[[ MATERIAL PROVIDED, beginning ]]
(* In the spectrum pricing game described in the context (with $m<l$), let $(\psi_1,\ldots,\psi_n)$ be any symmetric Nash equilibrium. Then for every state $i\in\{1,\ldots,n\}$, the distribution function $\psi_i$ is continuous, i.e. it has no atoms. In particular, the game has no pure-strategy symmetric Nash equilibrium.
   Context: Spectrum pricing game. There are $l\ge 2$ primaries and $m$ secondaries, $1\le m<l$; there are $n$ channel states $1,\ldots,n$, plus state $0$ meaning "unavailable". Each primary owns one channel, which independently of the others is in state $i\in\{1,\ldots,n\}$ with probability $q_i>0$ and in state $0$ with probability $1-q$, where $q=\sum_{i=1}^n q_i\in(0,1)$. For each state $i\ge1$ there is a penalty function $g_i$, continuous and strictly increasing in the price, with inverse $f_i$, also continuous and strictly increasing. Quoting price $p$ for a channel in state $i$ means the channel offers penalty $g_i(p)$; equivalently, choosing penalty $x$ in state $i$ means charging price $f_i(x)$. Higher states are better: $g_i(p)>g_j(p)$ for all $p$ and $f_i(x)<f_j(x)$ for all $x$ whenever $i<j$. There is a transition cost $c>0$ and a maximum acceptable penalty $v$ with $g_1(c)<v$. We assume that all points used below lie in the common domain of the $f_i$, and that for all $j<k$ and all $x>y>g_j(c)$, $$\frac{f_j(y)-c}{f_k(y)-c}<\frac{f_j(x)-c}{f_k(x)-c}. \qquad (\ast)$$ Each primary knows only its own channel state. A primary whose channel is in state $j\ge1$ draws its penalty from a distribution function $\psi_j$, independently of everything else. A primary in state $0$ offers penalty $v+1$, which is equivalent to not offering its channel. If $Y$ channels are offered with penalty at most $v$, the $\min(Y,m)$ channels with the lowest penalties are sold, with ties broken uniformly at random. A primary selling at price $p$ earns $p-c$; otherwise it earns $0$. Strategies and equilibrium. A symmetric strategy profile is one in which every primary uses the same $(\psi_1,\ldots,\psi_n)$. Given such a profile, let $r(x)$ be the probability that a given primary's channel offered at penalty $x$ is sold, and set $\phi_j(x)=(f_j(x)-c)\,r(x)$, the expected profit of choosing penalty $x$ in state $j$. A symmetric Nash equilibrium (NE) is a symmetric profile in which no primary, in any state $j$, can increase its expected profit by unilaterally replacing $\psi_j$ with any other distribution. A penalty $x$ is a best response in state $j$ if $\phi_j(x)=\sup_{y\in\mathbb{R}}\phi_j(y)=:u_{j,\max}$. *)

theory Defs
  imports "HOL-Probability.Probability"
begin

text \<open>A symmetric strategy profile is given by probability measures M j on the reals
  (j = 1..n); the distribution function psi_j is cdf (M j).
  Each other primary's penalty is: v+1 with probability 1 - q (state 0), and
  drawn from M j with probability q j (state j).\<close>

definition qtot :: "nat \<Rightarrow> (nat \<Rightarrow> real) \<Rightarrow> real" where
  "qtot n q = (\<Sum>j\<in>{1..n}. q j)"

definition p_lt :: "nat \<Rightarrow> (nat \<Rightarrow> real) \<Rightarrow> real \<Rightarrow> (nat \<Rightarrow> real measure) \<Rightarrow> real \<Rightarrow> real" where
  "p_lt n q v M x = (if v + 1 < x then 1 - qtot n q else 0)
      + (\<Sum>j\<in>{1..n}. q j * measure (M j) {..<x})"

definition p_eq :: "nat \<Rightarrow> (nat \<Rightarrow> real) \<Rightarrow> real \<Rightarrow> (nat \<Rightarrow> real measure) \<Rightarrow> real \<Rightarrow> real" where
  "p_eq n q v M x = (if x = v + 1 then 1 - qtot n q else 0)
      + (\<Sum>j\<in>{1..n}. q j * measure (M j) {x})"

text \<open>Sale probability of own channel at penalty x given a other channels
  strictly cheaper and b others tied at x (ties broken uniformly at random).\<close>
definition share :: "nat \<Rightarrow> nat \<Rightarrow> nat \<Rightarrow> real" where
  "share m a b = (if m \<le> a then 0 else min 1 (real (m - a) / real (b + 1)))"

text \<open>r(x): probability that a channel offered at penalty x is sold when the other
  l - 1 primaries play the symmetric profile M (multinomial over the numbers
  of other channels with lower / equal / higher penalty).\<close>
definition sell_prob :: "nat \<Rightarrow> nat \<Rightarrow> nat \<Rightarrow> (nat \<Rightarrow> real) \<Rightarrow> real
    \<Rightarrow> (nat \<Rightarrow> real measure) \<Rightarrow> real \<Rightarrow> real" where
  "sell_prob l m n q v M x =
     (if v < x then 0 else
      (let pl = p_lt n q v M x; pe = p_eq n q v M x; pg = 1 - pl - pe in
       \<Sum>a\<in>{0..l-1}. \<Sum>b\<in>{0..l-1-a}.
         real ((l-1) choose a) * real ((l-1-a) choose b)
         * pl ^ a * pe ^ b * pg ^ (l-1-a-b) * share m a b))"

definition profit :: "nat \<Rightarrow> nat \<Rightarrow> nat \<Rightarrow> (nat \<Rightarrow> real) \<Rightarrow> (nat \<Rightarrow> real \<Rightarrow> real)
    \<Rightarrow> real \<Rightarrow> real \<Rightarrow> (nat \<Rightarrow> real measure) \<Rightarrow> nat \<Rightarrow> real \<Rightarrow> real" where
  "profit l m n q f c v M j x = (f j x - c) * sell_prob l m n q v M x"

definition sym_NE :: "nat \<Rightarrow> nat \<Rightarrow> nat \<Rightarrow> (nat \<Rightarrow> real) \<Rightarrow> (nat \<Rightarrow> real \<Rightarrow> real)
    \<Rightarrow> real \<Rightarrow> real \<Rightarrow> (nat \<Rightarrow> real measure) \<Rightarrow> bool" where
  "sym_NE l m n q f c v M \<longleftrightarrow>
     (\<forall>j\<in>{1..n}. real_distribution (M j)
        \<and> integrable (M j) (profit l m n q f c v M j)
        \<and> (\<forall>M'. real_distribution M' \<and> integrable M' (profit l m n q f c v M j) \<longrightarrow>
              (\<integral>x. profit l m n q f c v M j x \<partial>M') \<le> (\<integral>x. profit l m n q f c v M j x \<partial>M j)))"

end

theory Submission
  imports Defs
begin

(* Write P for the expected profit of a primary in state i as a function of its penalty and
   E for its equilibrium payoff.  Deviating to a point mass shows P y <= E for every y, and
   a penalty x carrying positive probability must then satisfy P x >= E (otherwise the mass
   at x would drag the expectation below E); moreover E >= P v > 0.  So x is an acceptable
   offer (x <= v) with a positive margin.  Every other primary in state i also sits at x with
   positive probability, hence ties at x occur with positive probability and are broken at
   random; quoting slightly less than x wins all of them.  Thus the left limit of the sale
   probability at x strictly exceeds its value at x, and some y < x earns more than E. *)

definition sale_poly :: "nat \<Rightarrow> nat \<Rightarrow> real \<Rightarrow> real \<Rightarrow> real \<Rightarrow> real" where
  "sale_poly N m pl pe pg = (\<Sum>a\<in>{0..N}. \<Sum>b\<in>{0..N-a}.
      real (N choose a) * real ((N-a) choose b) * pl ^ a * pe ^ b * pg ^ (N-a-b) * share m a b)"

lemma share_nonneg: "0 \<le> share m a b"
  by (simp add: share_def)

lemma share_le_indicator: "share m a b \<le> (if a < m then 1 else 0)"
  by (simp add: share_def)

lemma sale_poly_nonneg:
  assumes "0 \<le> pl" "0 \<le> pe" "0 \<le> pg"
  shows "0 \<le> sale_poly N m pl pe pg"
  unfolding sale_poly_def using assms
  by (intro sum_nonneg mult_nonneg_nonneg) (auto simp: share_nonneg)

(* If nobody undercuts or ties, the channel is sold: this bounds the sale probability below. *)
lemma sale_poly_ge_no_competition:
  assumes "0 \<le> pl" "0 \<le> pe" "0 \<le> pg" "1 \<le> m"
  shows "pg ^ N \<le> sale_poly N m pl pe pg"
proof -
  let ?t = "\<lambda>a b. real (N choose a) * real ((N-a) choose b) * pl ^ a * pe ^ b * pg ^ (N-a-b)
              * share m a b"
  have "pg ^ N = ?t 0 0" using assms by (simp add: share_def)
  also have "\<dots> \<le> (\<Sum>b\<in>{0..N-0}. ?t 0 b)"
    by (rule member_le_sum) (use assms in \<open>auto intro!: mult_nonneg_nonneg simp: share_nonneg\<close>)
  also have "\<dots> \<le> (\<Sum>a\<in>{0..N}. \<Sum>b\<in>{0..N-a}. ?t a b)"
    by (rule member_le_sum[where f="\<lambda>a. \<Sum>b\<in>{0..N-a}. ?t a b"])
       (use assms in \<open>auto intro!: sum_nonneg mult_nonneg_nonneg simp: share_nonneg\<close>)
  finally show ?thesis unfolding sale_poly_def .
qed

lemma sale_poly_no_ties:
  "sale_poly N m pl 0 s
     = (\<Sum>a\<in>{0..N}. real (N choose a) * pl ^ a * s ^ (N-a) * (if a < m then 1 else 0))"
  unfolding sale_poly_def
proof (intro sum.cong refl)
  fix a assume "a \<in> {0..N}"
  show "(\<Sum>b\<in>{0..N-a}. real (N choose a) * real ((N-a) choose b) * pl ^ a * 0 ^ b * s ^ (N-a-b)
          * share m a b) = real (N choose a) * pl ^ a * s ^ (N-a) * (if a < m then 1 else 0)"
    by (simp add: sum.atLeast_Suc_atMost[of 0] share_def power_0_left)
qed

(* The tie-free sale probability with overcut probability pe + pg, expanded binomially
   according to how many of the N - a non-undercutting competitors would have tied. *)
lemma sale_poly_no_ties_expanded:
  "(\<Sum>a\<in>{0..N}. \<Sum>b\<in>{0..N-a}. real (N choose a) * pl ^ a * (if a < m then 1 else 0)
      * (real ((N-a) choose b) * pe ^ b * pg ^ (N-a-b)))
   = sale_poly N m pl 0 (pe + pg)"
  unfolding sale_poly_no_ties
proof (intro sum.cong refl)
  fix a assume "a \<in> {0..N}"
  have "(\<Sum>b\<in>{0..N-a}. real ((N-a) choose b) * pe ^ b * pg ^ (N-a-b)) = (pe + pg) ^ (N-a)"
    by (simp add: binomial_ring atLeast0AtMost diff_diff_add)
  then show "(\<Sum>b\<in>{0..N-a}. real (N choose a) * pl ^ a * (if a < m then 1 else 0)
      * (real ((N-a) choose b) * pe ^ b * pg ^ (N-a-b)))
      = real (N choose a) * pl ^ a * (pe + pg) ^ (N-a) * (if a < m then 1 else 0)"
    by (simp add: sum_distrib_left[symmetric])
qed

(* Ties cost sales: if ties have positive probability and there are at least as many
   competitors as buyers, moving all tying competitors above us strictly raises the sale
   probability (when everybody ties, not every tying channel can be sold). *)
lemma sale_poly_tie_loss:
  assumes "0 \<le> pl" "0 < pe" "0 \<le> pg" "1 \<le> m" "m \<le> N"
  shows "sale_poly N m pl pe pg < sale_poly N m pl 0 (pe + pg)"
proof -
  let ?t = "\<lambda>a b. real (N choose a) * real ((N-a) choose b) * pl ^ a * pe ^ b * pg ^ (N-a-b)
              * share m a b"
  let ?u = "\<lambda>a b. real (N choose a) * pl ^ a * (if a < m then 1 else 0)
              * (real ((N-a) choose b) * pe ^ b * pg ^ (N-a-b))"
  have t_le_u: "?t a b \<le> ?u a b" for a b
  proof -
    have "?t a b = (real (N choose a) * pl ^ a) * (real ((N-a) choose b) * pe ^ b * pg ^ (N-a-b))
                   * share m a b"
      by (simp add: algebra_simps)
    also have "\<dots> \<le> (real (N choose a) * pl ^ a) * (real ((N-a) choose b) * pe ^ b * pg ^ (N-a-b))
                   * (if a < m then 1 else 0)"
      using assms by (intro mult_left_mono share_le_indicator) (auto intro!: mult_nonneg_nonneg)
    also have "\<dots> = ?u a b" by (simp add: algebra_simps)
    finally show ?thesis .
  qed
  have all_tied: "?t 0 N < ?u 0 N"
  proof -
    have "share m 0 N < 1" using assms by (simp add: share_def min_def field_simps)
    then have "pe ^ N * share m 0 N < pe ^ N * 1" using assms by (intro mult_strict_left_mono) auto
    then show ?thesis using assms by simp
  qed
  have inner_strict: "(\<Sum>b\<in>{0..N-0}. ?t 0 b) < (\<Sum>b\<in>{0..N-0}. ?u 0 b)"
  proof (rule sum_strict_mono_ex1)
    show "\<forall>b\<in>{0..N-0}. ?t 0 b \<le> ?u 0 b" using t_le_u by blast
    show "\<exists>b\<in>{0..N-0}. ?t 0 b < ?u 0 b" using all_tied by (intro bexI[where x=N]) auto
  qed simp
  have "sale_poly N m pl pe pg = (\<Sum>a\<in>{0..N}. \<Sum>b\<in>{0..N-a}. ?t a b)"
    unfolding sale_poly_def ..
  also have "\<dots> < (\<Sum>a\<in>{0..N}. \<Sum>b\<in>{0..N-a}. ?u a b)"
  proof (rule sum_strict_mono_ex1)
    show "\<forall>a\<in>{0..N}. (\<Sum>b\<in>{0..N-a}. ?t a b) \<le> (\<Sum>b\<in>{0..N-a}. ?u a b)"
      using t_le_u by (intro ballI sum_mono) blast
    show "\<exists>a\<in>{0..N}. (\<Sum>b\<in>{0..N-a}. ?t a b) < (\<Sum>b\<in>{0..N-a}. ?u a b)"
      using inner_strict by (intro bexI[where x=0]) auto
  qed simp
  also have "\<dots> = sale_poly N m pl 0 (pe + pg)"
    by (rule sale_poly_no_ties_expanded)
  finally show ?thesis .
qed

lemma tendsto_sale_poly:
  assumes "(pl \<longlongrightarrow> PL) F" "(pe \<longlongrightarrow> PE) F" "(pg \<longlongrightarrow> PG) F"
  shows "((\<lambda>y. sale_poly N m (pl y) (pe y) (pg y)) \<longlongrightarrow> sale_poly N m PL PE PG) F"
  unfolding sale_poly_def by (intro tendsto_intros assms)

lemma sell_prob_sale_poly:
  "sell_prob l m n q v M y = (if v < y then 0 else
     sale_poly (l-1) m (p_lt n q v M y) (p_eq n q v M y) (1 - p_lt n q v M y - p_eq n q v M y))"
  unfolding sell_prob_def sale_poly_def Let_def by simp

context finite_borel_measure
begin

lemma measure_lessThan_at_left: "((\<lambda>y. measure M {..<y}) \<longlongrightarrow> measure M {..<a}) (at_left a)"
proof (rule tendsto_at_left_sequentially[of "a - 1"])
  fix f :: "nat \<Rightarrow> real" assume f: "incseq f" "f \<longlonglongrightarrow> a" "\<And>n. f n < a"
  then have "(\<lambda>n. measure M {..<f n}) \<longlonglongrightarrow> measure M (\<Union>n. {..<f n})"
    by (intro finite_Lim_measure_incseq) (auto simp: incseq_def)
  also have "(\<Union>n. {..<f n}) = {..<a}"
    by (auto dest!: order_tendstoD(1)[OF f(2)] eventually_happens'[OF sequentially_bot]
             intro: less_trans f(3))
  finally show "(\<lambda>n. measure M {..<f n}) \<longlonglongrightarrow> measure M {..<a}" .
qed auto

lemma lessThan_plus_singleton: "measure M {..<y} + measure M {y} = cdf M y"
  unfolding cdf_def ivl_disj_un(2)[symmetric] by (subst finite_measure_Union) auto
[[ MATERIAL PROVIDED, end ]]
(WHAT THE TASK ASKS):
Some of the data mentions "positive". Copy every line where it does.

(RESPONSE TO THE EXERCISE):
   a penalty x carrying positive probability must then satisfy P x >= E (otherwise the mass
   offer (x <= v) with a positive margin.  Every other primary in state i also sits at x with
   positive probability, hence ties at x occur with positive probability and are broken at
(* Ties cost sales: if ties have positive probability and there are at least as many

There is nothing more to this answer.